Barnard bolsters this central friendship and subsequent unwitting rivalry with myriad background details to flesh out their world and expose how dire circumstances are. There’s Arbor’s brother selling his Ritalin pills to leave the youngster unable to cope with his affliction while leading himself towards jail or death when the crime can no longer support the habit; the boys’ mother Shelly (Rebecca Manley) struggling as a single mom powerless to help their rapid descent into chaos; the ridicule and bigoted remarks launched towards Swifty and his parents (Steve Evets and Siobhan Finneran) from kids and adults alike; the dangers inherent with stealing metal in a derelict industrial town riddled with live wires; and the unavoidable disintegration of youth when kids are forced to take on much more than they can or should ever handle.

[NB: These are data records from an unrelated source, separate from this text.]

lemma prod_le_min:
  fixes u v :: real
  assumes "0 \<le> u" "u \<le> 1" "0 \<le> v" "v \<le> 1"
  shows "u * v \<le> min u v"
  using mult_right_le_one_le[of u v] mult_left_le_one_le[of v u] assms by simp

definition bernoulli_sd :: "real \<Rightarrow> real" where
  "bernoulli_sd x = sqrt (x * (1 - x))"

definition bernoulli_sd_deriv :: "real \<Rightarrow> real" where
  "bernoulli_sd_deriv x = bernoulli_sd x / 2 * (1 / x - 1 / (1 - x))"

lemma bernoulli_sd_0_1 [simp]: "bernoulli_sd 0 = 0" "bernoulli_sd 1 = 0"
  by (simp_all add: bernoulli_sd_def)

lemma bernoulli_sd_pos: "0 < x \<Longrightarrow> x < 1 \<Longrightarrow> 0 < bernoulli_sd x"
  by (simp add: bernoulli_sd_def)

lemma bernoulli_sd_nonneg: "0 \<le> x \<Longrightarrow> x \<le> 1 \<Longrightarrow> 0 \<le> bernoulli_sd x"
  by (simp add: bernoulli_sd_def)

lemma bernoulli_sd_square: "0 \<le> x \<Longrightarrow> x \<le> 1 \<Longrightarrow> (bernoulli_sd x)\<^sup>2 = x * (1 - x)"
  by (simp add: bernoulli_sd_def)

lemma bernoulli_sd_reflect: "bernoulli_sd (1 - x) = bernoulli_sd x"
  by (simp add: bernoulli_sd_def mult.commute)

lemma isCont_bernoulli_sd [continuous_intros]:
  "isCont f x \<Longrightarrow> isCont (\<lambda>y. bernoulli_sd (f y)) x"
  unfolding bernoulli_sd_def by (intro continuous_intros)

lemma continuous_on_bernoulli_sd [continuous_intros]:
  "continuous_on A f \<Longrightarrow> continuous_on A (\<lambda>y. bernoulli_sd (f y))"
  unfolding bernoulli_sd_def by (intro continuous_intros)

lemma has_real_derivative_bernoulli_sd:
  assumes "0 < x" "x < 1"
  shows "(bernoulli_sd has_real_derivative bernoulli_sd_deriv x) (at x)"
proof -
  have pos: "0 < x * (1 - x)" using assms by simp
  have "((\<lambda>x. sqrt (x * (1 - x))) has_real_derivative
          inverse (sqrt (x * (1 - x))) / 2 * (1 - 2 * x)) (at x)"
    by (rule DERIV_chain2[where f = sqrt and g = "\<lambda>x. x * (1 - x)", OF DERIV_real_sqrt[OF pos]])
      (auto intro!: derivative_eq_intros)
  moreover have "inverse (sqrt (x * (1 - x))) / 2 * (1 - 2 * x) = bernoulli_sd_deriv x"
    using assms bernoulli_sd_pos[OF assms] bernoulli_sd_square[of x]
    unfolding bernoulli_sd_deriv_def by (simp add: bernoulli_sd_def field_simps)
  ultimately show ?thesis
    unfolding bernoulli_sd_def[abs_def] by simp
qed

lemma sqrt_var_prod_eq: "sqrt (u * (1 - u) * v * (1 - v)) = bernoulli_sd u * bernoulli_sd v"
  by (simp add: bernoulli_sd_def real_sqrt_mult mult.assoc [symmetric])
lemma prime_power_multiplicity_central_binomial_le:
  fixes p N :: nat
  assumes p: "prime p" and "N > 0"
  shows "p ^ multiplicity p ((2*N) choose N) \<le> 2*N"
proof -
  have p2: "p \<ge> 2" using prime_ge_2_nat[OF p] .
  define v where "v = multiplicity p ((2*N) choose N)"
  define T where "T = {i\<in>{1..2*N}. p ^ i \<le> 2*N}"
  have "fact N * fact N * ((2*N) choose N) = (fact (2*N) :: nat)"
    using binomial_fact_lemma[of N "2*N"] by (simp add: mult_2)
  moreover have "multiplicity p (fact N * fact N * ((2*N) choose N)) =
      multiplicity p (fact N :: nat) + multiplicity p (fact N :: nat) + v"
    unfolding v_def using p
    by (subst prime_elem_multiplicity_mult_distrib, simp, simp, simp,
        subst prime_elem_multiplicity_mult_distrib, simp_all)
  ultimately have legendre:
    "(\<Sum>i\<in>{1..2*N}. (2*N) div p ^ i) = 2 * (\<Sum>i\<in>{1..N}. N div p ^ i) + v"
    by (simp only: legendre_formula[OF p] mult_2)
  have "(\<Sum>i\<in>{1..N}. N div p ^ i) = (\<Sum>i\<in>{1..2*N}. N div p ^ i)"
    by (rule sum.mono_neutral_left) (auto intro!: div_prime_power_eq_0[OF p])
  \<comment> \<open>each term \<open>\<lfloor>2N/p\<^sup>i\<rfloor> - 2\<lfloor>N/p\<^sup>i\<rfloor>\<close> is \<open>0\<close> or \<open>1\<close>, and \<open>0\<close> once \<open>p\<^sup>i > 2N\<close>\<close>
  moreover have "(2*N) div q \<le> 2 * (N div q) + (if q \<le> 2*N then 1 else 0)" if "q > 0" for q
  proof -
    have "N < N div q * q + q"
      using div_mult_mod_eq[of N q] mod_less_divisor[OF that, of N] by linarith
    hence "2*N < (2 * (N div q) + 2) * q" by (simp add: algebra_simps)
    hence "(2*N) div q < 2 * (N div q) + 2" by (rule less_mult_imp_div_less)
    thus ?thesis by simp
  qed
  hence "(\<Sum>i\<in>{1..2*N}. (2*N) div p ^ i) \<le>
         (\<Sum>i\<in>{1..2*N}. 2 * (N div p ^ i) + (if p ^ i \<le> 2*N then 1 else 0))"
    using p2 by (intro sum_mono) simp
  moreover have "\<dots> = 2 * (\<Sum>i\<in>{1..2*N}. N div p ^ i) + card T"
    unfolding T_def by (simp only: card_filter_eq_sum finite_atLeastAtMost sum.distrib sum_distrib_left)
  ultimately have "v \<le> card T" using legendre by linarith
  moreover have "p ^ card T \<le> 2*N"
  proof (cases "T = {}")
    case True thus ?thesis using \<open>N > 0\<close> by simp
  next
    case False
    have "finite T" unfolding T_def by simp
    hence "Max T \<in> T" using False by (rule Max_in)
    hence "p ^ Max T \<le> 2*N" unfolding T_def by simp
    have "T \<subseteq> {1..Max T}" using \<open>finite T\<close> by (auto simp: T_def)
    hence "card T \<le> Max T" using card_mono[of "{1..Max T}" T] by simp
    hence "p ^ card T \<le> p ^ Max T" using p2 by (intro power_increasing) simp_all
    thus ?thesis using \<open>p ^ Max T \<le> 2*N\<close> by simp
  qed
  moreover have "p ^ v \<le> p ^ card T" if "v \<le> card T"
    using that p2 by (intro power_increasing) simp_all
  ultimately show ?thesis unfolding v_def by simp
qed

lemma prod_le_of_subset_prime_factors:
  fixes C :: nat
  assumes "C > 0" "B \<subseteq> prime_factors C"
  shows "\<Prod>B \<le> C"
proof -
  have fin: "finite (prime_factors C)" by simp
  have "\<Prod>B \<le> (\<Prod>p\<in>B. p ^ multiplicity p C)"
  proof (rule prod_mono)
    fix p assume "p \<in> B"
    hence "p \<in> prime_factors C" using assms by auto
    hence "prime p" "p dvd C" by (auto simp: in_prime_factors_iff)
    hence "multiplicity p C \<ge> 1" using assms(1) prime_multiplicity_gt_zero_iff[of p C] by simp
    hence "p ^ 1 \<le> p ^ multiplicity p C" using prime_ge_2_nat[OF \<open>prime p\<close>] by (intro power_increasing) auto
    thus "0 \<le> p \<and> p \<le> p ^ multiplicity p C" by simp
  qed
  also have "\<dots> \<le> (\<Prod>p\<in>prime_factors C. p ^ multiplicity p C)"
  proof (rule dvd_imp_le)
    show "(\<Prod>p\<in>B. p ^ multiplicity p C) dvd (\<Prod>p\<in>prime_factors C. p ^ multiplicity p C)"
      by (rule prod_dvd_prod_subset[OF fin assms(2)])
    show "0 < (\<Prod>p\<in>prime_factors C. p ^ multiplicity p C)"
      by (rule prod_pos) (auto simp: in_prime_factors_iff prime_gt_0_nat)
  qed
  also have "\<dots> = C" using prod_prime_factors[of C] assms(1) by simp
  finally show ?thesis .
qed

lemma binomial_odd_middle_le: "(2*m+1) choose m \<le> 4 ^ m"
proof -
  have "((2*m+1) choose m) + ((2*m+1) choose (m+1)) \<le> (\<Sum>k\<in>{m, m+1}. (2*m+1) choose k)"
    by simp
  also have "\<dots> \<le> (\<Sum>k\<le>2*m+1. (2*m+1) choose k)"
    by (rule sum_mono2) auto
  also have "\<dots> = 2 ^ (2*m+1)" by (rule choose_row_sum)
  finally have "2 * ((2*m+1) choose m) \<le> 2 * 4 ^ m"
    using binomial_symmetric[of m "2*m+1"] by (simp add: power_mult power_add)
  thus ?thesis by simp
qed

Comparisons to Oliver Twist in the press notes are spot-on as we watch Kitten use these boys for financial gain, stringing them along with the promise of survival as their dark and unyielding way of life finds itself all too willing to pretend they’re involved in a symbiotic relationship with only the police as adversaries. They don’t yet see how much worse their fates will be at their own hands once hubris exposes mortality and selfish desires cloud judgments until the want for control leaves them desperately alone. Isolation is Arbor’s biggest fear—something he’s never had to face with Swifty by his side as each other’s only friend. But as Swifty finds purpose with Kitten and Arbor’s greed has him teetering on the edge of a lifestyle he’s simply too young to understand, you must wonder who the real villain is.

Is it Kitten’s guilt-less utilization of under-age urchins, Arbor’s hunger for power to get back at those who’ve dismissed him his entire life, or the environment failing them until these children can no longer avoid adult responsibilities from falling on their shoulders? Barnard gives each character a hidden conscience put aside for a survivor’s mentality before the consequences of such thinking make it impossible to pretend morality isn’t paramount. Thomas’ Swifty’s innocence exposes this complexity in both Gilder’s Kitten and Chapman’s Arbor as the light of optimism they’d both do anything to keep for their own personal salvations. Pushing and pulling him to his breaking point, Swifty never wavers in his obedience or love. Instead they only end up breaking themselves—the tragic realization neither could return the favor becoming all they have left by the end.